» WHAT YOU NEED TO DO
The listing below holds a line with "by (rule sum.cong) auto" and a line with "by (simp add: sum_distrib_left)". Reproduce those two lines exactly, plus everything between them.

» DATA SHOWN
(* Let $A\in\mathbb{R}_{\max}^{n\times n}$ with $\lambda(A)=0$, let $g=g(\mathrm{crit}(A))\ge2$, assume $(n,g)\ne(2,2)$, $T_1(A)=\mathrm{DM}(g,n)$, and that $\mathrm{crit}(A)$ contains, up to choice of first node, a unique cycle $Z_0$ of length $g$. Let $W_0$ be an interesting walk, and renumber the nodes so that $1,\dots,g$ are the nodes of $Z_0$ and $W_0=(g+1)\cdots n\,(1\cdots n)^g$. Then $\mathcal{D}(A)$ has, up to the choice of its first node, a unique Hamiltonian cycle of maximal weight among all Hamiltonian cycles, and it is the cycle $(1,2,\dots,n,1)$.
   Context: Max-plus semiring $\mathbb{R}_{\max}=\mathbb{R}\cup\{-\infty\}$ with $a\oplus b=\max(a,b)$, $a\otimes b=a+b$; $(AB)_{ij}=\max_k(a_{ik}+b_{kj})$; $A^t$ is the $t$-th max-plus power, $A^0=I$. $\mathcal{D}(A)$ is the digraph on $\{1,\dots,n\}$ with arc $(i,j)$ of weight $a_{ij}$ whenever $a_{ij}\ne-\infty$. A walk is a node sequence whose consecutive pairs are arcs, its length is its number of arcs and its weight the sum of its arc weights; cycles are closed walks with no proper closed subwalk; a Hamiltonian cycle visits every node. $\lambda(A)$ is the maximal cycle mean. $\mathrm{crit}(A)$ is the subgraph of all nodes and arcs of cycles attaining $\lambda(A)$; its nodes are critical. $g(\mathrm{crit}(A))$ is the maximum over strongly connected components of $\mathrm{crit}(A)$ of their minimal cycle length. The cyclicity of $\mathrm{crit}(A)$ is the lcm over components of the gcd of their cycle lengths. CSR terms: with $\gamma$ the cyclicity of $\mathrm{crit}(A)$ and $\lambda(A)=0$, $M=I\oplus N\oplus\dots\oplus N^{n-1}$ where $N=A^\gamma$: $c_{ij}=m_{ij}$ if $j$ critical, else $-\infty$; $r_{ij}=m_{ij}$ if $i$ critical, else $-\infty$; $s_{ij}=a_{ij}$ if $(i,j)$ is an arc of $\mathrm{crit}(A)$, else $-\infty$; $CS^tR[A]$ is the product $CS^tR$. $B_N$ has $(B_N)_{ij}=-\infty$ if $i$ or $j$ is critical and $a_{ij}$ otherwise. $T_1(A)$ is the least $T\ge0$ with $A^t=CS^tR[A]\oplus B_N^t$ for all $t\ge T$. $\mathrm{DM}(g,n)=g(n-2)+n$. Twice optimal / interesting walks: a walk $W$ from $i$ to $j$ passing through at least one node of $Z_0$ is twice optimal if it has maximal weight among all walks from $i$ to $j$ passing through a node of $Z_0$ whose length is congruent to the length of $W$ modulo $g$, and has minimal length among all such walks of maximal weight. It is interesting if it is twice optimal and has length $\mathrm{DM}(g,n)+g-1$. *)

theory Defs
  imports Complex_Main "HOL-Library.Extended_Real"
begin

text \<open>Max-plus matrices of size n are functions nat => nat => ereal whose relevant
  entries are those with indices in {1..n}; entries are assumed to differ from +infinity
  (so that they lie in R union {-infinity}).\<close>

type_synonym mat = "nat \<Rightarrow> nat \<Rightarrow> ereal"

definition mp_mult :: "nat \<Rightarrow> mat \<Rightarrow> mat \<Rightarrow> mat" where
  "mp_mult n A B = (\<lambda>i j. SUP k\<in>{1..n}. A i k + B k j)"

definition mp_id :: mat where
  "mp_id = (\<lambda>i j. if i = j then 0 else -\<infinity>)"

primrec mp_pow :: "nat \<Rightarrow> mat \<Rightarrow> nat \<Rightarrow> mat" where
  "mp_pow n A 0 = mp_id"
| "mp_pow n A (Suc t) = mp_mult n (mp_pow n A t) A"

definition is_walk :: "nat \<Rightarrow> mat \<Rightarrow> nat list \<Rightarrow> bool" where
  "is_walk n A w \<longleftrightarrow> w \<noteq> [] \<and> set w \<subseteq> {1..n} \<and>
     (\<forall>k. Suc k < length w \<longrightarrow> A (w!k) (w!Suc k) \<noteq> -\<infinity>)"

definition wlen :: "nat list \<Rightarrow> nat" where
  "wlen w = length w - 1"

definition wweight :: "mat \<Rightarrow> nat list \<Rightarrow> ereal" where
  "wweight A w = (\<Sum>k<length w - 1. A (w!k) (w!Suc k))"

definition is_cycle :: "nat \<Rightarrow> mat \<Rightarrow> nat list \<Rightarrow> bool" where
  "is_cycle n A c \<longleftrightarrow> is_walk n A c \<and> length c \<ge> 2 \<and> hd c = last c \<and> distinct (butlast c)"

definition same_cycle :: "nat list \<Rightarrow> nat list \<Rightarrow> bool" where
  "same_cycle c d \<longleftrightarrow> (\<exists>k. butlast c = rotate k (butlast d))"

definition ham_cycle :: "nat \<Rightarrow> mat \<Rightarrow> nat list \<Rightarrow> bool" where
  "ham_cycle n A c \<longleftrightarrow> is_cycle n A c \<and> set c = {1..n}"

definition cycle_mean :: "mat \<Rightarrow> nat list \<Rightarrow> ereal" where
  "cycle_mean A c = wweight A c / ereal (real (wlen c))"

text \<open>lambda(A), the maximal cycle mean (-infinity if there is no cycle).\<close>

definition mcm :: "nat \<Rightarrow> mat \<Rightarrow> ereal" where
  "mcm n A = (SUP c\<in>{c. is_cycle n A c}. cycle_mean A c)"

definition crit_cycle :: "nat \<Rightarrow> mat \<Rightarrow> nat list \<Rightarrow> bool" where
  "crit_cycle n A c \<longleftrightarrow> is_cycle n A c \<and> cycle_mean A c = mcm n A"

definition crit_nodes :: "nat \<Rightarrow> mat \<Rightarrow> nat set" where
  "crit_nodes n A = {i. \<exists>c. crit_cycle n A c \<and> i \<in> set c}"

definition crit_arcs :: "nat \<Rightarrow> mat \<Rightarrow> (nat \<times> nat) set" where
  "crit_arcs n A = {(c!k, c!Suc k) | c k. crit_cycle n A c \<and> Suc k < length c}"

definition crit_graph_cycle :: "nat \<Rightarrow> mat \<Rightarrow> nat list \<Rightarrow> bool" where
  "crit_graph_cycle n A c \<longleftrightarrow> is_cycle n A c \<and>
     (\<forall>k. Suc k < length c \<longrightarrow> (c!k, c!Suc k) \<in> crit_arcs n A)"

definition crit_comp :: "nat \<Rightarrow> mat \<Rightarrow> nat \<Rightarrow> nat set" where
  "crit_comp n A i = {j. (i, j) \<in> (crit_arcs n A)\<^sup>* \<and> (j, i) \<in> (crit_arcs n A)\<^sup>*}"

definition crit_components :: "nat \<Rightarrow> mat \<Rightarrow> nat set set" where
  "crit_components n A = crit_comp n A ` crit_nodes n A"

definition comp_cycle_lengths :: "nat \<Rightarrow> mat \<Rightarrow> nat set \<Rightarrow> nat set" where
  "comp_cycle_lengths n A C = wlen ` {c. crit_graph_cycle n A c \<and> set c \<subseteq> C}"

definition girth_crit :: "nat \<Rightarrow> mat \<Rightarrow> nat" where
  "girth_crit n A = Max ((\<lambda>C. Min (comp_cycle_lengths n A C)) ` crit_components n A)"

definition cyclicity_crit :: "nat \<Rightarrow> mat \<Rightarrow> nat" where
  "cyclicity_crit n A = Lcm ((\<lambda>C. Gcd (comp_cycle_lengths n A C)) ` crit_components n A)"

definition csr_M :: "nat \<Rightarrow> mat \<Rightarrow> mat" where
  "csr_M n A = (\<lambda>i j. SUP k\<in>{..<n}. mp_pow n (mp_pow n A (cyclicity_crit n A)) k i j)"

definition csr_C :: "nat \<Rightarrow> mat \<Rightarrow> mat" where
  "csr_C n A = (\<lambda>i j. if j \<in> crit_nodes n A then csr_M n A i j else -\<infinity>)"

definition csr_R :: "nat \<Rightarrow> mat \<Rightarrow> mat" where
  "csr_R n A = (\<lambda>i j. if i \<in> crit_nodes n A then csr_M n A i j else -\<infinity>)"

definition csr_S :: "nat \<Rightarrow> mat \<Rightarrow> mat" where
  "csr_S n A = (\<lambda>i j. if (i, j) \<in> crit_arcs n A then A i j else -\<infinity>)"

definition csr_term :: "nat \<Rightarrow> mat \<Rightarrow> nat \<Rightarrow> mat" where
  "csr_term n A t = mp_mult n (mp_mult n (csr_C n A) (mp_pow n (csr_S n A) t)) (csr_R n A)"

definition B_N :: "nat \<Rightarrow> mat \<Rightarrow> mat" where
  "B_N n A = (\<lambda>i j. if i \<in> crit_nodes n A \<or> j \<in> crit_nodes n A then -\<infinity> else A i j)"

definition T1 :: "nat \<Rightarrow> mat \<Rightarrow> nat" where
  "T1 n A = (LEAST T. \<forall>t\<ge>T. \<forall>i\<in>{1..n}. \<forall>j\<in>{1..n}.
      mp_pow n A t i j = max (csr_term n A t i j) (mp_pow n (B_N n A) t i j))"

definition DM :: "nat \<Rightarrow> nat \<Rightarrow> nat" where
  "DM g n = g * (n - 2) + n"

definition walk_through :: "nat \<Rightarrow> mat \<Rightarrow> nat list \<Rightarrow> nat \<Rightarrow> nat \<Rightarrow> nat list \<Rightarrow> bool" where
  "walk_through n A Z i j w \<longleftrightarrow> is_walk n A w \<and> hd w = i \<and> last w = j \<and> set w \<inter> set Z \<noteq> {}"

definition twice_optimal :: "nat \<Rightarrow> mat \<Rightarrow> nat \<Rightarrow> nat list \<Rightarrow> nat list \<Rightarrow> bool" where
  "twice_optimal n A g Z w \<longleftrightarrow> walk_through n A Z (hd w) (last w) w \<and>
     (\<forall>v. walk_through n A Z (hd w) (last w) v \<and> wlen v mod g = wlen w mod g \<longrightarrow>
        wweight A v \<le> wweight A w \<and> (wweight A v = wweight A w \<longrightarrow> wlen w \<le> wlen v))"
(* Let $n\ge 2k\ge 2$. The Kneser graph $K(n,k)$ admits perfect state transfer if and only if $n=2k$.
   Context: The Kneser graph $K(n,k)$ has as vertices the $k$-subsets of $\{1,\ldots,n\}$, two being adjacent iff they are disjoint. For a simple graph $X$ with adjacency matrix $A$, let $\mathcal{H}_X(t)=e^{itA}$. $X$ admits perfect state transfer (PST) from a vertex $u$ to a vertex $v\neq u$ at time $\tau>0$ if $|\mathcal{H}_X(\tau)_{u,v}|=1$; $X$ admits PST if this happens for some $u\ne v$ and some $\tau>0$. *)

theory Defs
  imports "HOL-Analysis.Analysis"
begin

text \<open>A finite simple graph is given by a finite vertex set V and a symmetric,
irreflexive adjacency relation adj. Its adjacency matrix is indexed by V.\<close>

definition adj_matrix :: "('a \<Rightarrow> 'a \<Rightarrow> bool) \<Rightarrow> 'a \<Rightarrow> 'a \<Rightarrow> complex" where
  "adj_matrix adj u v = (if adj u v then 1 else 0)"

fun adj_pow :: "'a set \<Rightarrow> ('a \<Rightarrow> 'a \<Rightarrow> bool) \<Rightarrow> nat \<Rightarrow> 'a \<Rightarrow> 'a \<Rightarrow> complex" where
  "adj_pow V adj 0 u v = (if u = v then 1 else 0)"
| "adj_pow V adj (Suc m) u v = (\<Sum>w\<in>V. adj_pow V adj m u w * adj_matrix adj w v)"

text \<open>The transition matrix H(t) = exp(i t A) = sum_m (i t)^m / m! * A^m, entrywise.\<close>
definition transition_matrix :: "'a set \<Rightarrow> ('a \<Rightarrow> 'a \<Rightarrow> bool) \<Rightarrow> real \<Rightarrow> 'a \<Rightarrow> 'a \<Rightarrow> complex" where
  "transition_matrix V adj t u v =
     (\<Sum>m. (\<i> * complex_of_real t) ^ m / of_nat (fact m) * adj_pow V adj m u v)"

definition pst :: "'a set \<Rightarrow> ('a \<Rightarrow> 'a \<Rightarrow> bool) \<Rightarrow> 'a \<Rightarrow> 'a \<Rightarrow> real \<Rightarrow> bool" where
  "pst V adj u v \<tau> \<longleftrightarrow> u \<in> V \<and> v \<in> V \<and> u \<noteq> v \<and> \<tau> > 0 \<and>
      cmod (transition_matrix V adj \<tau> u v) = 1"

definition admits_pst :: "'a set \<Rightarrow> ('a \<Rightarrow> 'a \<Rightarrow> bool) \<Rightarrow> bool" where
  "admits_pst V adj \<longleftrightarrow> (\<exists>u v \<tau>. pst V adj u v \<tau>)"

definition kneser_vertices :: "nat \<Rightarrow> nat \<Rightarrow> nat set set" where
  "kneser_vertices n k = {S. S \<subseteq> {1..n} \<and> card S = k}"

definition kneser_adj :: "nat set \<Rightarrow> nat set \<Rightarrow> bool" where
  "kneser_adj S T \<longleftrightarrow> S \<inter> T = {}"

end

theory Submission
  imports Defs
begin

text \<open>
  If n > 2k, then for distinct k-sets u, v there is a transposition \<sigma> of {1..n} fixing u
  but moving v. It induces an automorphism of K(n,k), which commutes with H(t); so if the
  (u, v) entry of H(\<tau>) has modulus 1, so has the (u, \<sigma> v) entry, impossible in a row of the
  unitary matrix H(\<tau>). If n = 2k, K(n,k) is the perfect matching S \<mapsto> complement of S, whose
  adjacency matrix satisfies A^2 = I; hence H(t) = cos t \<cdot> I + \<i> sin t \<cdot> A, giving perfect
  state transfer at time \<pi>/2.
\<close>

definition graph_automorphism :: "'a set \<Rightarrow> ('a \<Rightarrow> 'a \<Rightarrow> bool) \<Rightarrow> ('a \<Rightarrow> 'a) \<Rightarrow> bool" where
  "graph_automorphism V adj \<phi> \<longleftrightarrow>
     bij_betw \<phi> V V \<and> (\<forall>x\<in>V. \<forall>y\<in>V. adj (\<phi> x) (\<phi> y) = adj x y)"

lemma adj_pow_add:
  assumes "finite V" "v \<in> V"
  shows "adj_pow V adj (m + l) u v = (\<Sum>w\<in>V. adj_pow V adj m u w * adj_pow V adj l w v)"
  using assms(2)
proof (induction l arbitrary: v)
  case 0
  have "(\<Sum>w\<in>V. adj_pow V adj m u w * adj_pow V adj 0 w v) =
        (\<Sum>w\<in>V. if w = v then adj_pow V adj m u w else 0)"
    by (rule sum.cong) auto
  then show ?case using 0 assms(1) by simp
next
  case (Suc l)
  have "adj_pow V adj (m + Suc l) u v =
        (\<Sum>x\<in>V. (\<Sum>w\<in>V. adj_pow V adj m u w * adj_pow V adj l w x) * adj_matrix adj x v)"
    using Suc.IH by (simp cong: sum.cong)
  also have "\<dots> = (\<Sum>w\<in>V. \<Sum>x\<in>V. adj_pow V adj m u w * (adj_pow V adj l w x * adj_matrix adj x v))"
    by (subst sum.swap) (simp add: sum_distrib_right mult.assoc)
  also have "\<dots> = (\<Sum>w\<in>V. adj_pow V adj m u w * adj_pow V adj (Suc l) w v)"
    by (simp add: sum_distrib_left)
  finally show ?case .
qed

lemma adj_pow_1:
  assumes "finite V" "u \<in> V"
  shows "adj_pow V adj 1 u v = adj_matrix adj u v"
proof -
  have "adj_pow V adj 1 u v = (\<Sum>w\<in>V. if w = u then adj_matrix adj w v else 0)"
    by (simp, intro sum.cong) auto
  then show ?thesis using assms by simp
qed

lemma cnj_adj_pow: "cnj (adj_pow V adj m u v) = adj_pow V adj m u v"
  by (induction m arbitrary: v) (auto simp: adj_matrix_def intro: sum.cong)

lemma adj_pow_commute:
  assumes "finite V" "\<And>x y. adj x y = adj y x" "u \<in> V" "v \<in> V"
  shows "adj_pow V adj m u v = adj_pow V adj m v u"
  using assms(3,4)
proof (induction m arbitrary: u v)
  case 0
  then show ?case by simp
next
  case (Suc m)
  have "adj_pow V adj (Suc m) v u = (\<Sum>w\<in>V. adj_pow V adj 1 v w * adj_pow V adj m w u)"
    using adj_pow_add[OF assms(1) Suc.prems(1), of adj 1 m v] by simp
  also have "\<dots> = (\<Sum>w\<in>V. adj_matrix adj v w * adj_pow V adj m w u)"
    using Suc.prems assms(1) by (simp only: adj_pow_1)
  also have "\<dots> = (\<Sum>w\<in>V. adj_pow V adj m u w * adj_matrix adj w v)"
    using Suc assms(2) by (intro sum.cong) (auto simp: adj_matrix_def)
  finally show ?case by simp
qed

lemma norm_adj_pow_le: "norm (adj_pow V adj m u v) \<le> real (card V) ^ m"
proof (induction m arbitrary: v)
  case 0
  then show ?case by simp
next
  case (Suc m)
  have "norm (adj_pow V adj (Suc m) u v) \<le> (\<Sum>w\<in>V. norm (adj_pow V adj m u w * adj_matrix adj w v))"
    by (simp add: norm_sum)
  also have "\<dots> \<le> (\<Sum>w\<in>V. real (card V) ^ m)"
    using Suc.IH by (intro sum_mono) (auto simp: adj_matrix_def)
  finally show ?case by simp
qed

lemma adj_pow_automorphism:
  assumes "graph_automorphism V adj \<phi>" "u \<in> V" "v \<in> V"
  shows "adj_pow V adj m (\<phi> u) (\<phi> v) = adj_pow V adj m u v"
  using assms(3)
proof (induction m arbitrary: v)
  case 0
  then show ?case
    using assms(1,2) by (auto simp: graph_automorphism_def bij_betw_def dest: inj_onD)
next
  case (Suc m)
  have bij: "bij_betw \<phi> V V" and hom: "\<And>x y. x \<in> V \<Longrightarrow> y \<in> V \<Longrightarrow> adj (\<phi> x) (\<phi> y) = adj x y"
    using assms(1) by (auto simp: graph_automorphism_def)
  have "adj_pow V adj (Suc m) (\<phi> u) (\<phi> v) =
        (\<Sum>w\<in>V. adj_pow V adj m (\<phi> u) (\<phi> w) * adj_matrix adj (\<phi> w) (\<phi> v))"
    unfolding adj_pow.simps by (rule sum.reindex_bij_betw[OF bij, symmetric])
  also have "\<dots> = adj_pow V adj (Suc m) u v"
    using Suc hom by (simp add: adj_matrix_def cong: sum.cong)
  finally show ?case .
qed

definition transition_term :: "'a set \<Rightarrow> ('a \<Rightarrow> 'a \<Rightarrow> bool) \<Rightarrow> real \<Rightarrow> 'a \<Rightarrow> 'a \<Rightarrow> nat \<Rightarrow> complex" where
  "transition_term V adj t u v m = (\<i> * of_real t) ^ m /\<^sub>R fact m * adj_pow V adj m u v"

lemma summable_norm_transition_term: "summable (\<lambda>m. norm (transition_term V adj t u v m))"
proof (rule summable_comparison_test')
  show "summable (\<lambda>m. inverse (fact m) * (\<bar>t\<bar> * real (card V)) ^ m)"
    by (rule summable_exp)
  fix m
  have "norm (transition_term V adj t u v m) = inverse (fact m) * \<bar>t\<bar> ^ m * norm (adj_pow V adj m u v)"
    by (simp add: transition_term_def norm_mult norm_power)
  also have "\<dots> \<le> inverse (fact m) * \<bar>t\<bar> ^ m * real (card V) ^ m"
    by (intro mult_left_mono norm_adj_pow_le) auto
  finally show "norm (norm (transition_term V adj t u v m)) \<le> inverse (fact m) * (\<bar>t\<bar> * real (card V)) ^ m"
    by (simp add: power_mult_distrib mult.assoc)
qed

lemma transition_term_sums: "transition_term V adj t u v sums transition_matrix V adj t u v"
proof -
  have "transition_matrix V adj t u v = (\<Sum>m. transition_term V adj t u v m)"
    unfolding transition_matrix_def transition_term_def
    by (simp add: scaleR_conv_of_real divide_inverse mult.commute)
  then show ?thesis
    by (simp only: summable_sums[OF summable_norm_cancel[OF summable_norm_transition_term]])
qed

» ANSWER AREA
    by (rule sum.cong) auto
  then show ?case using 0 assms(1) by simp
next
  case (Suc l)
  have "adj_pow V adj (m + Suc l) u v =
        (\<Sum>x\<in>V. (\<Sum>w\<in>V. adj_pow V adj m u w * adj_pow V adj l w x) * adj_matrix adj x v)"
    using Suc.IH by (simp cong: sum.cong)
  also have "\<dots> = (\<Sum>w\<in>V. \<Sum>x\<in>V. adj_pow V adj m u w * (adj_pow V adj l w x * adj_matrix adj x v))"
    by (subst sum.swap) (simp add: sum_distrib_right mult.assoc)
  also have "\<dots> = (\<Sum>w\<in>V. adj_pow V adj m u w * adj_pow V adj (Suc l) w v)"
    by (simp add: sum_distrib_left)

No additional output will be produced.